The Dow Jones Industrial Average experienced a notable decline on Friday, while the Nasdaq, which focuses heavily on tech stocks, managed to recover from a downward trend that lasted for a week. This turnaround came following Wall Street’s roughest trading session in over a month.
By around 12:20 p.m. ET, the Dow was down by 107 points, which is approximately 0.2%.
In contrast, the S&P 500 saw an uptick of 0.5%, and the Nasdaq increased by 0.8%, poised to break a three-day losing streak.
Tech stocks were on the mend after enduring significant downtrends, mainly due to investor worries about potential overvaluation and fears of an AI “bubble” among artificial intelligence companies.
Among the major tech players, Nvidia, AMD, and Broadcom saw increases of 1.7%, 1.8%, and 1.3%, respectively.
Other notable stocks from the “Magnificent Seven” also rebounded, with Tesla rising by 1.7% after a shaky start to the day. Meta, Apple, and Microsoft climbed by 0.3%, 1%, and 1.3% respectively.
Despite the downfall of the Technology Select Sector SPDR Fund by 2% on Thursday, it bounced back with a rise of 1.4% on Friday.
On the other hand, Bitcoin took a hit, falling by 2.8% to $96,922.63, as investors pulled back from more volatile stocks.
Investor anxiety regarding excessive spending on AI by U.S. companies—some having already shelled out billions—has shaken the markets over the past couple of weeks.
Rick Gardner, the chief investment officer at RGA Investments, commented that investors have been anticipating a market bump that hasn’t yet materialized. He added, “Stock prices don’t rise in a straight line; a pullback was to be expected.”
Meanwhile, the U.S. government reopened on Thursday after its longest shutdown ever, alleviating some worries regarding SNAP benefits and federal employment. However, White House press secretary Caroline Levitt indicated that certain federal statistics for October may never see the light of day.
Kevin Hassett, director of the National Economic Council, mentioned that finalization of October’s jobs report will occur post-delay and that it won’t include the unemployment rate.

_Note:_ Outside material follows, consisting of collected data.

text \<open>The helper edge of a long connector (s, v, w, u) for C is {v, w} \<times> {C}. Every edge of
H_i meeting such an edge lies in H_i[C], so by maximality each of the given internally disjoint
connectors shares a node with an edge of M inside H_i[C]; as those nodes are distinct and each
edge has two of them, M contains at least half as many edges in H_i[C] as there are connectors.
Conversely every edge of H_i[C] arises from a long connector: its type-1 endpoint w sees a
different component C', and C' is disjoint from C under \<Psi> because all copies of a real node are
pairwise adjacent. Matched edges being disjoint, these connectors are internally disjoint.\<close>

lemma vadj_sym: "(\<forall>x y. E x y \<longrightarrow> E y x) \<Longrightarrow> vadj V E L a b \<Longrightarrow> vadj V E L b a"
  by (auto simp: vadj_def)

lemma finite_vnodes: "finite V \<Longrightarrow> finite (vnodes V L)"
proof -
  assume "finite V"
  have "vnodes V L \<subseteq> (\<lambda>(j, t, x). VN j t x) ` ({..2 * L} \<times> {..2::nat} \<times> V)"
    unfolding vnodes_def by (auto simp: image_iff)
  then show ?thesis
    using \<open>finite V\<close> by (meson finite_SigmaI finite_atMost finite_imageI finite_subset)
qed

lemma rtrancl_classes_eq:
  assumes "sym R" and "(a, a') \<in> R\<^sup>*"
  shows "{b. (a, b) \<in> R\<^sup>*} = {b. (a', b) \<in> R\<^sup>*}"
proof -
  have "(a', a) \<in> R\<^sup>*"
    using assms sym_rtrancl by (metis symD)
  with assms(2) show ?thesis
    by (auto intro: rtrancl_trans)
qed

lemma components_subset_class_nodes:
  assumes "C \<in> components V E L l cls i"
  shows "C \<subseteq> class_nodes V L l cls i"
proof
  fix b assume "b \<in> C"
  with assms obtain a where "(a, b) \<in> {(x, y). x \<in> class_nodes V L l cls i
                          \<and> y \<in> class_nodes V L l cls i \<and> vadj V E L x y}\<^sup>*"
    and "a \<in> class_nodes V L l cls i"
    unfolding components_def Let_def by auto
  then show "b \<in> class_nodes V L l cls i"
    by (cases rule: rtranclE) auto
qed

lemma components_Psi_disjoint:
  assumes sym: "\<forall>x y. E x y \<longrightarrow> E y x"
    and C: "C \<in> components V E L l cls i" and C': "C' \<in> components V E L l cls i"
    and "C \<noteq> C'"
  shows "Psi ` C \<inter> Psi ` C' = {}"
proof (rule ccontr)
  define S where "S = class_nodes V L l cls i"
  define R where "R = {(x, y). x \<in> S \<and> y \<in> S \<and> vadj V E L x y}"
  have "sym R"
    unfolding R_def sym_def using vadj_sym[OF sym] by blast
  obtain a where a: "C = {b. (a, b) \<in> R\<^sup>*}"
    using C unfolding components_def Let_def S_def R_def by auto
  obtain a' where a': "C' = {b. (a', b) \<in> R\<^sup>*}"
    using C' unfolding components_def Let_def S_def R_def by auto
  assume "Psi ` C \<inter> Psi ` C' \<noteq> {}"
  then obtain x y where x: "x \<in> C" and y: "y \<in> C'" and "Psi x = Psi y"
    by auto
  have "x \<in> S" "y \<in> S"
    using C C' x y unfolding S_def by (blast dest: components_subset_class_nodes)+
  moreover have "S \<subseteq> vnodes V L"
    unfolding S_def class_nodes_def by auto
  \<comment> \<open>distinct copies of one real node are adjacent\<close>
  ultimately have "(x, y) \<in> R\<^sup>*"
    using \<open>Psi x = Psi y\<close> by (cases "x = y") (auto simp: R_def vadj_def intro!: r_into_rtrancl)
  then have "(a, y) \<in> R\<^sup>*"
    using x a by auto
  moreover have "(y, a') \<in> R\<^sup>*"
    using y a' \<open>sym R\<close> sym_rtrancl by (metis mem_Collect_eq symD)
  ultimately have "C = C'"
    unfolding a a' using rtrancl_classes_eq[OF \<open>sym R\<close>] by (meson rtrancl_trans)
  with \<open>C \<noteq> C'\<close> show False ..
qed

lemma connector_edge_eq: "(\<lambda>(s, v, w, u). {(v, C), (w, C)}) = (\<lambda>p. internal p \<times> {C})"
  by auto

lemma long_connector_in_helper_edges:
  assumes sym: "\<forall>x y. E x y \<longrightarrow> E y x"
    and lc: "long_connector V E L l cls i C p"
  shows "internal p \<times> {C} \<in> helper_edges V E L l cls i"
proof -
  obtain s v w u where p: "p = (s, v, w, u)"
    by (cases p)
  from lc have C: "C \<in> components V E L l cls i" and "s \<in> C"
    and v: "v \<in> vnodes V L" "layer v = l" "vtype v = 2"
    and w: "w \<in> vnodes V L" "layer w = l" "vtype w = 1"
    and "vadj V E L s v" and vw: "vadj V E L v w" and "vadj V E L w u"
    and v_only_C: "\<forall>C'\<in>components V E L l cls i. C' \<noteq> C \<longrightarrow> \<not> has_nbr_in V E L v C'"
    and w_not_C: "\<not> has_nbr_in V E L w C"
    and "\<exists>C'\<in>components V E L l cls i. C' \<noteq> C \<and> u \<in> C'"
    unfolding long_connector_def p by auto
  have "Psi v \<notin> Psi ` C"
  proof
    assume "Psi v \<in> Psi ` C"
    then obtain s' where s': "s' \<in> C" "Psi v = Psi s'"
      by auto
    then have "s' \<in> vnodes V L" "layer s' < l"
      using components_subset_class_nodes[OF C] unfolding class_nodes_def by auto
    \<comment> \<open>w is adjacent to v and hence to every other copy of Psi v\<close>
    then have "vadj V E L w s'"
      using vw s' w sym by (auto simp: vadj_def)
    with w_not_C s' show False
      by (auto simp: has_nbr_in_def)
  qed
  moreover have "has_nbr_in V E L v C"
    using \<open>s \<in> C\<close> vadj_sym[OF sym \<open>vadj V E L s v\<close>] by (auto simp: has_nbr_in_def)
  ultimately have "helper_vnode V E L l cls i C v"
    using v v_only_C by (simp add: helper_vnode_def)
  moreover have "\<exists>C'\<in>components V E L l cls i. C' \<noteq> C \<and> has_nbr_in V E L w C'"
    using \<open>\<exists>C'\<in>_. _\<close> \<open>vadj V E L w u\<close> by (auto simp: has_nbr_in_def)
  moreover have "internal p \<times> {C} = {(v, C), (w, C)}"
    by (auto simp: p)
  ultimately show ?thesis
    unfolding helper_edges_def using C w vw w_not_C by blast
qed

lemma helper_edge_at_component_is_connector_edge:
  assumes sym: "\<forall>x y. E x y \<longrightarrow> E y x"
    and e: "e \<in> helper_edges V E L l cls i" and eC: "e = {(v0, C), (w0, C)}"
  shows "\<exists>p. long_connector V E L l cls i C p \<and> internal p \<times> {C} = e"
proof -
  obtain v w C0 where e_eq: "e = {(v, C0), (w, C0)}"
    and C0: "C0 \<in> components V E L l cls i" and hv: "helper_vnode V E L l cls i C0 v"
    and w: "w \<in> vnodes V L" "layer w = l" "vtype w = 1" and vw: "vadj V E L v w"
    and w_other: "\<exists>C'\<in>components V E L l cls i. C' \<noteq> C0 \<and> has_nbr_in V E L w C'"
    and w_not_C0: "\<not> has_nbr_in V E L w C0"
    using e unfolding helper_edges_def by (elim CollectE exE conjE) blast
  have "(v, C0) \<in> e"
    using e_eq by simp
  then have "C0 = C"
    using eC by auto
  from hv obtain s where s: "s \<in> C" "vadj V E L v s"
    and v: "v \<in> vnodes V L" "layer v = l" "vtype v = 2"
    and v_only_C: "\<forall>C'\<in>components V E L l cls i. C' \<noteq> C \<longrightarrow> \<not> has_nbr_in V E L v C'"
    unfolding helper_vnode_def has_nbr_in_def \<open>C0 = C\<close> by blast
  from w_other obtain C' u where C': "C' \<in> components V E L l cls i" "C' \<noteq> C" "u \<in> C'"
    and "vadj V E L w u"
    unfolding has_nbr_in_def \<open>C0 = C\<close> by blast
  have "Psi ` C \<inter> Psi ` C' = {}"
    using components_Psi_disjoint[OF sym C0 C'(1)] C'(2) \<open>C0 = C\<close> by simp
  with C' have "\<exists>C'\<in>components V E L l cls i. C' \<noteq> C \<and> u \<in> C' \<and> Psi ` C \<inter> Psi ` C' = {}"
    by blast
  then have "long_connector V E L l cls i C (s, v, w, u)"
    unfolding long_connector_def prod.case
    using C0 s w v vw v_only_C w_not_C0 \<open>vadj V E L w u\<close> vadj_sym[OF sym s(2)]
    unfolding \<open>C0 = C\<close> by (intro conjI) simp_all
  moreover have "internal (s, v, w, u) \<times> {C} = e"
    using e_eq \<open>C0 = C\<close> by auto
  ultimately show ?thesis
    by blast
qed
(* Assume (A1)–(A3) below. Then for each instrument $\ell\in\{1,\dots,L\}$, $$\mathrm{Wald}_\ell=\sum_{t\in\mathcal T}\mathrm{LATE}_t\,\alpha_t(\ell),\qquad \sum_{t\in\mathcal T}\alpha_t(\ell)=1,$$ where $\alpha_t(\ell)=\theta_t\,\varphi_t(\ell)/\pi_\ell$ and $$\varphi_t(\ell)=\sum_{z_{-\ell}\in\{0,1\}^{L-1}}\bigl[t(1,z_{-\ell})\,q_\ell(z_{-\ell})-t(0,z_{-\ell})\,q^0_\ell(z_{-\ell})\bigr].$$
   Context: We observe i.i.d. draws of $(Y_i,D_i,Z_{1i},\dots,Z_{Li})$ with $Y_i\in\mathbb R$, $D_i\in\{0,1\}$ and $L\ge2$ binary instruments $Z_{\ell i}\in\{0,1\}$; $\mathbf Z_i=(Z_{1i},\dots,Z_{Li})'$. Each unit has potential outcomes $Y_i(0),Y_i(1)$ and a potential treatment function (its "compliance type") $D_i(\cdot):\{0,1\}^L\to\{0,1\}$; observed $D_i=D_i(\mathbf Z_i)$ and $Y_i=D_iY_i(1)+(1-D_i)Y_i(0)$. $\mathcal T$ is the set of compliance types, $\theta_t=P(D_i(\cdot)=t)$, $\mathrm{LATE}_t=\mathbb E[Y_i(1)-Y_i(0)\mid D_i(\cdot)=t]$. For a type $t$, $t(z_\ell,z_{-\ell})$ denotes its treatment decision at instrument value with $\ell$-th coordinate $z_\ell$ and remaining coordinates $z_{-\ell}$. Let $p_\ell=P(Z_{\ell i}=1)$, $\pi_\ell=\mathbb E[D_i\mid Z_{\ell i}=1]-\mathbb E[D_i\mid Z_{\ell i}=0]$, $\rho_\ell=\mathbb E[Y_i\mid Z_{\ell i}=1]-\mathbb E[Y_i\mid Z_{\ell i}=0]$, $\mathrm{Wald}_\ell=\rho_\ell/\pi_\ell$, $\Sigma_Z=\mathrm{Var}(\mathbf Z_i)$. With $Z_{-\ell}$ the vector of the other $L-1$ instruments, $q_\ell(z_{-\ell})=P(Z_{-\ell}=z_{-\ell}\mid Z_\ell=1)$ and $q^0_\ell(z_{-\ell})=P(Z_{-\ell}=z_{-\ell}\mid Z_\ell=0)$. Assumptions: (A1) $(Y_i(0),Y_i(1),D_i(\cdot))$ is independent of $\mathbf Z_i$. (A2) For every $i$, $D_i(z)$ is nondecreasing in each coordinate $z_k$, $k=1,\dots,L$. (A3) $p_\ell>0$ and $\pi_\ell>0$ for each $\ell$, and $\Sigma_Z$ is positive definite. *)

theory Defs
  imports "HOL-Probability.Probability"
begin
(* For s < 1/2 the bound |c_m| <= K m^(eps - 1) with small eps makes the series converge. *)
lemma blaschke_coeff_weighted_summable:
  fixes s :: real
  assumes "s < 1/2"
  shows "summable (\<lambda>m. real m powr (2 * s) * (norm (blaschke_coeff m))^2)"
proof -
  define \<epsilon> where "\<epsilon> = min 1 ((1 - 2 * s) / 4)"
  have "0 < \<epsilon>" using assms by (simp add: \<epsilon>_def)
  moreover have "\<epsilon> \<le> 1" unfolding \<epsilon>_def by (rule min.cobounded1)
  moreover have "\<epsilon> \<le> (1 - 2 * s) / 4" unfolding \<epsilon>_def by (rule min.cobounded2)
  ultimately have eps: "0 < \<epsilon>" "\<epsilon> \<le> 1" "\<epsilon> \<le> (1 - 2 * s) / 4" by auto
  obtain K where K: "\<And>m. 1 \<le> m \<Longrightarrow> norm (blaschke_coeff m) \<le> K * real m powr (\<epsilon> - 1)"
    using blaschke_coeff_bound[OF eps(1,2)] by blast
  define e where "e = 2 * s + 2 * (\<epsilon> - 1)"
  have "e < -1" using eps assms by (simp add: e_def)
  then have majorant: "summable (\<lambda>m. K^2 * real m powr e)"
    by (intro summable_mult) (simp add: summable_real_powr_iff)
  have bound: "norm (real m powr (2 * s) * (norm (blaschke_coeff m))^2) \<le> K^2 * real m powr e" if "1 \<le> m" for m
  proof -
    have "(norm (blaschke_coeff m))^2 \<le> (K * real m powr (\<epsilon> - 1))^2" by (rule power_mono[OF K[OF that]]) simp
    also have "\<dots> = K^2 * real m powr (2 * (\<epsilon> - 1))"
    proof -
      have "(real m powr (\<epsilon> - 1))^2 = real m powr (of_nat 2 * (\<epsilon> - 1))"
        using that by (intro powr_power) simp
      then show ?thesis by (simp add: power_mult_distrib)
    qed
    finally have "real m powr (2 * s) * (norm (blaschke_coeff m))^2
                    \<le> real m powr (2 * s) * (K^2 * real m powr (2 * (\<epsilon> - 1)))"
      by (rule mult_left_mono) simp
    also have "\<dots> = K^2 * real m powr e" using that by (simp add: e_def powr_add)
    finally show ?thesis by simp
  qed
  show ?thesis by (rule summable_comparison_test[OF _ majorant]) (intro exI[of _ 1] allI impI bound)
qed

(* For s >= 1/2 the weights dominate the divergent first moment. *)
lemma blaschke_coeff_weighted_not_summable:
  fixes s :: real
  assumes "1/2 \<le> s"
  shows "\<not> summable (\<lambda>m. real m powr (2 * s) * (norm (blaschke_coeff m))^2)"
proof
  assume majorant: "summable (\<lambda>m. real m powr (2 * s) * (norm (blaschke_coeff m))^2)"
  have bound: "norm (real m * (norm (blaschke_coeff m))^2) \<le> real m powr (2 * s) * (norm (blaschke_coeff m))^2"
    if "1 \<le> m" for m
  proof -
    have "real m = real m powr 1" using that by simp
    also have "\<dots> \<le> real m powr (2 * s)" using assms that by (intro powr_mono) auto
    finally show ?thesis by (simp add: mult_right_mono)
  qed
  have "summable (\<lambda>m. real m * (norm (blaschke_coeff m))^2)"
    by (rule summable_comparison_test[OF _ majorant]) (intro exI[of _ 1] allI impI bound)
  then show False using blaschke_coeff_not_summable by contradiction
qed

theorem mainTheorem7:
  shows "\<exists>f :: complex \<Rightarrow> complex.
           f \<in> borel_measurable (restrict_space borel circle) \<and>
           f ` circle \<subseteq> circle \<and>
           (\<forall>n::int. n \<ge> 0 \<longrightarrow> fourier_coeff f n = 0) \<and>
           (\<forall>s'::real. s' < 1/2 \<longrightarrow>
              (\<lambda>n::int. real_of_int \<bar>n\<bar> powr (2 * s') * (cmod (fourier_coeff f n))\<^sup>2) summable_on UNIV) \<and>
           (\<forall>s::real. s \<ge> 1/2 \<longrightarrow>
              \<not> ((\<lambda>n::int. real_of_int \<bar>n\<bar> powr (2 * s) * (cmod (fourier_coeff f n))\<^sup>2) summable_on UNIV))"
proof (intro exI conjI allI impI)
  let ?f = "\<lambda>z. cnj (blaschke_limit z)"
  show "?f \<in> borel_measurable (restrict_space borel circle)" by (rule cnj_blaschke_limit_measurable)
  show "?f ` circle \<subseteq> circle" by (auto simp: norm_blaschke_limit)
  show "fourier_coeff ?f n = 0" if "0 \<le> n" for n
    using that by (cases "n = 0") (simp_all add: fourier_coeff_cnj_blaschke_limit)
  show "(\<lambda>n::int. real_of_int \<bar>n\<bar> powr (2 * s') * (cmod (fourier_coeff ?f n))\<^sup>2) summable_on UNIV"
    if "s' < 1/2" for s'
    unfolding summable_on_fourier_weights_iff using that by (rule blaschke_coeff_weighted_summable)
  show "\<not> (\<lambda>n::int. real_of_int \<bar>n\<bar> powr (2 * s) * (cmod (fourier_coeff ?f n))\<^sup>2) summable_on UNIV"
    if "1/2 \<le> s" for s
    unfolding summable_on_fourier_weights_iff using that by (rule blaschke_coeff_weighted_not_summable)
qed

end
lemma kernel_quad_mono_neutral:
  assumes "finite G" "F \<subseteq> G" "\<And>x. x \<in> G - F \<Longrightarrow> c x = 0"
  shows "kernel_quad G K c = kernel_quad F K c"
  unfolding kernel_quad_def
  by (rule sum.mono_neutral_cong_right) (use assms in \<open>auto intro!: sum.mono_neutral_right\<close>)

lemma kernel_quad_add:
  assumes "\<And>x y. K x y = K y x"
  shows "kernel_quad F K (\<lambda>x. c x + e x)
    = kernel_quad F K c + 2 * (\<Sum>x\<in>F. c x * (\<Sum>y\<in>F. e y * K x y)) + kernel_quad F K e"
proof -
  have "(\<Sum>x\<in>F. \<Sum>y\<in>F. e x * c y * K x y) = (\<Sum>x\<in>F. c x * (\<Sum>y\<in>F. e y * K x y))"
    by (subst sum.swap) (simp add: sum_distrib_left assms mult_ac)
  then show ?thesis
    unfolding kernel_quad_def by (simp add: algebra_simps sum.distrib sum_distrib_left)
qed

lemma psd_kernel_rescale:
  assumes "psd_kernel K"
  shows "psd_kernel (\<lambda>x y. f x * f y * K x y)"
proof (rule psd_kernelI)
  fix F :: "'a set" and c :: "'a \<Rightarrow> real" assume "finite F"
  have "kernel_quad F (\<lambda>x y. f x * f y * K x y) c = kernel_quad F K (\<lambda>x. c x * f x)"
    unfolding kernel_quad_def by (simp add: mult_ac)
  then show "0 \<le> kernel_quad F (\<lambda>x y. f x * f y * K x y) c"
    using psd_kernelD[OF assms \<open>finite F\<close>] by simp
qed

lemma linear_coeff_zero_if_quadratic_nonneg:
  fixes b C :: real
  assumes "\<And>t. 0 \<le> 2 * t * b + t\<^sup>2 * C"
  shows "b = 0"
proof -
  have "C \<ge> 0" using assms[of 1] assms[of "-1"] by simp
  define t where "t = - b / (C + 1)"
  have "t * (C + 1) = - b" unfolding t_def using \<open>C \<ge> 0\<close> by simp
  have "(C + 1)\<^sup>2 * (2 * t * b + t\<^sup>2 * C) = 2 * (t * (C + 1)) * b * (C + 1) + (t * (C + 1))\<^sup>2 * C"
    by (simp add: algebra_simps power2_eq_square)
  also have "\<dots> = - (b\<^sup>2 * (C + 2))"
    unfolding \<open>t * (C + 1) = - b\<close> by (simp add: algebra_simps power2_eq_square)
  finally have "(C + 1)\<^sup>2 * (2 * t * b + t\<^sup>2 * C) = - (b\<^sup>2 * (C + 2))" .
  moreover have "0 \<le> (C + 1)\<^sup>2 * (2 * t * b + t\<^sup>2 * C)"
    using assms[of t] by simp
  ultimately have "b\<^sup>2 * (C + 2) \<le> 0" by linarith
  then show "b = 0"
    using \<open>C \<ge> 0\<close> by (auto simp: mult_le_0_iff)
qed

text \<open>Perturbing c in the direction of the point y must not make the quadratic form negative.\<close>
lemma psd_kernel_quad_zero_imp_orthogonal:
  assumes psd: "psd_kernel K" and sym: "\<And>x y. K x y = K y x"
    and "finite F" and zero: "kernel_quad F K c = 0"
  shows "(\<Sum>x\<in>F. c x * K y x) = 0"
proof (rule linear_coeff_zero_if_quadratic_nonneg)
  fix t :: real
  define G where "G = insert y F"
  define u where "u x = of_bool (x \<in> F) * c x" for x
  define v where "v x = of_bool (x = y) * t" for x
  have "finite G" and G_y: "G \<inter> {x. x = y} = {y}" and G_F: "G \<inter> {x. x \<in> F} = F"
    using \<open>finite F\<close> by (auto simp: G_def)
  have "kernel_quad G K u = kernel_quad F K u"
    using \<open>finite G\<close> by (intro kernel_quad_mono_neutral) (auto simp: G_def u_def)
  also have "\<dots> = kernel_quad F K c"
    by (rule kernel_quad_cong) (simp add: u_def)
  finally have quad_u: "kernel_quad G K u = 0"
    using zero by simp
  have v_section: "(\<Sum>z\<in>G. v z * K x z) = t * K x y" for x
    unfolding v_def by (simp only: mult.assoc sum_of_bool_mult_eq[OF \<open>finite G\<close>] G_y) simp
  then have cross: "(\<Sum>x\<in>G. u x * (\<Sum>z\<in>G. v z * K x z)) = t * (\<Sum>x\<in>F. c x * K y x)"
    unfolding u_def by (simp only: mult.assoc sum_of_bool_mult_eq[OF \<open>finite G\<close>] G_F)
      (simp add: sum_distrib_left sym[of y] mult_ac)
  have "kernel_quad G K v = (\<Sum>x\<in>G. v x * (\<Sum>z\<in>G. v z * K x z))"
    unfolding kernel_quad_def by (simp add: sum_distrib_left mult.assoc)
  also have "\<dots> = t\<^sup>2 * K y y"
    unfolding v_section unfolding v_def
    by (simp only: mult.assoc sum_of_bool_mult_eq[OF \<open>finite G\<close>] G_y) (simp add: power2_eq_square)
  finally have quad_v: "kernel_quad G K v = t\<^sup>2 * K y y" .
  have "0 \<le> kernel_quad G K (\<lambda>x. u x + v x)"
    by (rule psd_kernelD[OF psd \<open>finite G\<close>])
  also have "\<dots> = 2 * t * (\<Sum>x\<in>F. c x * K y x) + t\<^sup>2 * K y y"
    unfolding kernel_quad_add[OF sym] quad_u cross quad_v by simp
  finally show "0 \<le> 2 * t * (\<Sum>x\<in>F. c x * K y x) + t\<^sup>2 * K y y" .
qed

Though some economic data is becoming accessible again, there remains concern over an “economic blackout” that’s yet to be fully resolved, which Gardner believes contributes to the fluctuations in stock performance. He forecasts potential market upsides in the coming months as more economic data becomes available.
Additionally, data related to inflation and labor conditions are pivotal in guiding the Federal Reserve’s decisions. Notably, the likelihood of a rate cut during the upcoming FOMC meeting on December 10 has diminished since the announcement that some economic data might not be published, according to CME FedWatch.
Investors are feeling jittery, trying to discern if there’s any underlying weakness in the labor market or inflationary trends as stocks reach new peaks.